In summary, the AtEase trial is testing a product with an unknown effect size using a relatively unknown scale in a difficult to treat population. That said, given all of these unknowns and the fact that this is essentially a proof-of-concept trial, a p-value that comes close to statistical significance may be a win as a subsequent trial may be able to hit significance through some trial design enhancements and greater power. If AtEase does hit significance, Tonix is likely to apply for accelerated approval and we believe it would need to run a second confirmatory trial prior to FDA approval.
Commercially, if TNX-102 SL is shown to be effective in PTSD, it should be able to have meaningful sales given the size of the population, even when you adjust for those who are successfully being treated by SSRI therapy and those unwilling to seek treatment. We are currently assuming $113m in sales to the military-related PTSD market and $690m to the rest ($803m in total). These estimates assume that TNX-102 SL is able to capture 10% of the PTSD market (c 2% of the total patient population) that is refractory to SSRIs and with a price of $6 per pill at launch. We are currently assuming that Tonix will find a strategic partner to commercialize TNX-102 SL in PTSD with a focus on those that currently fail SSRI therapy.

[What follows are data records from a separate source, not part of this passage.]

lemma card_square_divisible_le:
  fixes N K :: nat
  assumes K: "K \<ge> 1"
  shows "real (card {n \<in> {1..N}. \<exists>j. K < j \<and> j\<^sup>2 dvd n}) \<le> real N / real K"
proof -
  have "{n \<in> {1..N}. \<exists>j. K < j \<and> j\<^sup>2 dvd n} \<subseteq> (\<Union>j\<in>{K+1..N}. {n \<in> {1..N}. j\<^sup>2 dvd n})"
  proof clarify
    fix n j assume n: "n \<in> {1..N}" and j: "K < j" "j\<^sup>2 dvd n"
    have "j \<le> j\<^sup>2" by (simp add: power2_eq_square)
    also have "j\<^sup>2 \<le> n" using j n by (intro dvd_imp_le) auto
    finally show "n \<in> (\<Union>j\<in>{K+1..N}. {n \<in> {1..N}. j\<^sup>2 dvd n})"
      using n j by auto
  qed
  then have "card {n \<in> {1..N}. \<exists>j. K < j \<and> j\<^sup>2 dvd n} \<le> card (\<Union>j\<in>{K+1..N}. {n \<in> {1..N}. j\<^sup>2 dvd n})"
    by (intro card_mono) auto
  also have "\<dots> \<le> (\<Sum>j=K+1..N. card {n \<in> {1..N}. j\<^sup>2 dvd n})"
    by (rule card_UN_le) simp
  also have "\<dots> = (\<Sum>j=K+1..N. N div j\<^sup>2)"
    using K by (intro sum.cong refl card_multiples_atLeastAtMost) auto
  finally have "real (card {n \<in> {1..N}. \<exists>j. K < j \<and> j\<^sup>2 dvd n}) \<le> (\<Sum>j=K+1..N. real (N div j\<^sup>2))"
    by (simp flip: of_nat_sum)
  also have "\<dots> \<le> (\<Sum>j=K+1..N. real N * (1 / real j ^ 2))"
    by (intro sum_mono) (use of_nat_div_le_of_nat[of N "j\<^sup>2" for j] in simp)
  also have "\<dots> \<le> real N * (1 / real K)"
    unfolding sum_distrib_left[symmetric] using K by (intro mult_left_mono sum_inverse_squares_le) auto
  finally show ?thesis by simp
qed

lemma multiplicity_of_nat_int: "multiplicity (int p) (int n) = multiplicity p n"
  unfolding multiplicity_def by (simp flip: of_nat_power add: int_dvd_int_iff)

lemma smooth_or_large_square_dvd:
  fixes n K :: nat
  assumes n: "n > 0" and not_exact: "\<And>p. prime p \<Longrightarrow> K < p \<Longrightarrow> multiplicity p n \<noteq> 1"
  shows "smooth K n \<or> (\<exists>j. K < j \<and> j\<^sup>2 dvd n)"
proof (cases "smooth K n")
  case False
  then obtain p where p: "prime p" "p dvd n" "K < p"
    by (auto simp: smooth_def not_le)
  then have "multiplicity p n > 0"
    using n by (simp add: prime_multiplicity_gt_zero_iff)
  with not_exact[OF p(1,3)] have "2 \<le> multiplicity p n" by linarith
  then have "p\<^sup>2 dvd n" by (rule multiplicity_dvd')
  with p show ?thesis by blast
qed simp

lemma not_good_subset:
  fixes k :: real and t N :: nat
  defines "K \<equiv> nat \<lfloor>k\<rfloor>"
  shows "{m \<in> {1..N}. \<not> good k t m}
           \<subseteq> {1..t} \<union> (\<Union>i<t. (\<lambda>n. n + i) ` {n \<in> {1..N}. smooth K n \<or> (\<exists>j. K < j \<and> j\<^sup>2 dvd n)})"
proof
  fix m assume "m \<in> {m \<in> {1..N}. \<not> good k t m}"
  then have m: "m \<in> {1..N}" and "\<not> good k t m" by auto
  then obtain i where i: "i < t"
    and not_exact: "\<And>p. prime p \<Longrightarrow> real p > k \<Longrightarrow> multiplicity (int p) (int m - int i) \<noteq> 1"
    unfolding good_def by blast
  show "m \<in> {1..t} \<union> (\<Union>i<t. (\<lambda>n. n + i) ` {n \<in> {1..N}. smooth K n \<or> (\<exists>j. K < j \<and> j\<^sup>2 dvd n)})"
  proof (cases "m \<le> t")
    case False
    define n where "n = m - i"
    have m_eq: "m = n + i" and n: "n \<in> {1..N}" and int_n: "int m - int i = int n"
      using m i False by (auto simp: n_def)
    have "multiplicity p n \<noteq> 1" if "prime p" "K < p" for p
    proof -
      have "real p > k" using that(2) unfolding K_def by linarith
      then show ?thesis
        using not_exact[OF that(1)] by (simp add: int_n multiplicity_of_nat_int)
    qed
    then have "smooth K n \<or> (\<exists>j. K < j \<and> j\<^sup>2 dvd n)"
      using n by (intro smooth_or_large_square_dvd) auto
    with n i m_eq show ?thesis by blast
  qed (use m in auto)
qed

Tension headache program discontinued
Until recently, Tonix had been investigating TNX-201 for the treatment of ETTH in a Phase II clinical trial. Tonix announced in February 2016 that the clinical trial failed to meet its endpoints and that it would discontinue development of the compound. The 147-person trial had three different primary endpoints with progressively more permissive requirements: resolution of headache pain, 70% reduction in pain on the Visual Analog Scale (VAS), or improvement from baseline on the VAS. None of these endpoints reached statistical significance and the company did not provide any more detail on the outcomes. It stated that TNX-201 was very well tolerated, but the failure of the trial and the company’s decision to discontinue the program strongly suggest that the compound has little clinical utility. The result raises some questions considering that TNX-201 is the R-isomer of isometheptene mucate, which has been marketed in combination with acetaminophen and dichloralphenazone (under the brand Midrin) for the treatment of tension and vascular headaches. However, the compound never underwent FDA approval as it was grandfathered in 1962. It is unclear at this point where this molecule failed, given the lack of information regarding its activity. Regardless, we have removed all forecasts related to TNX-201 from our model.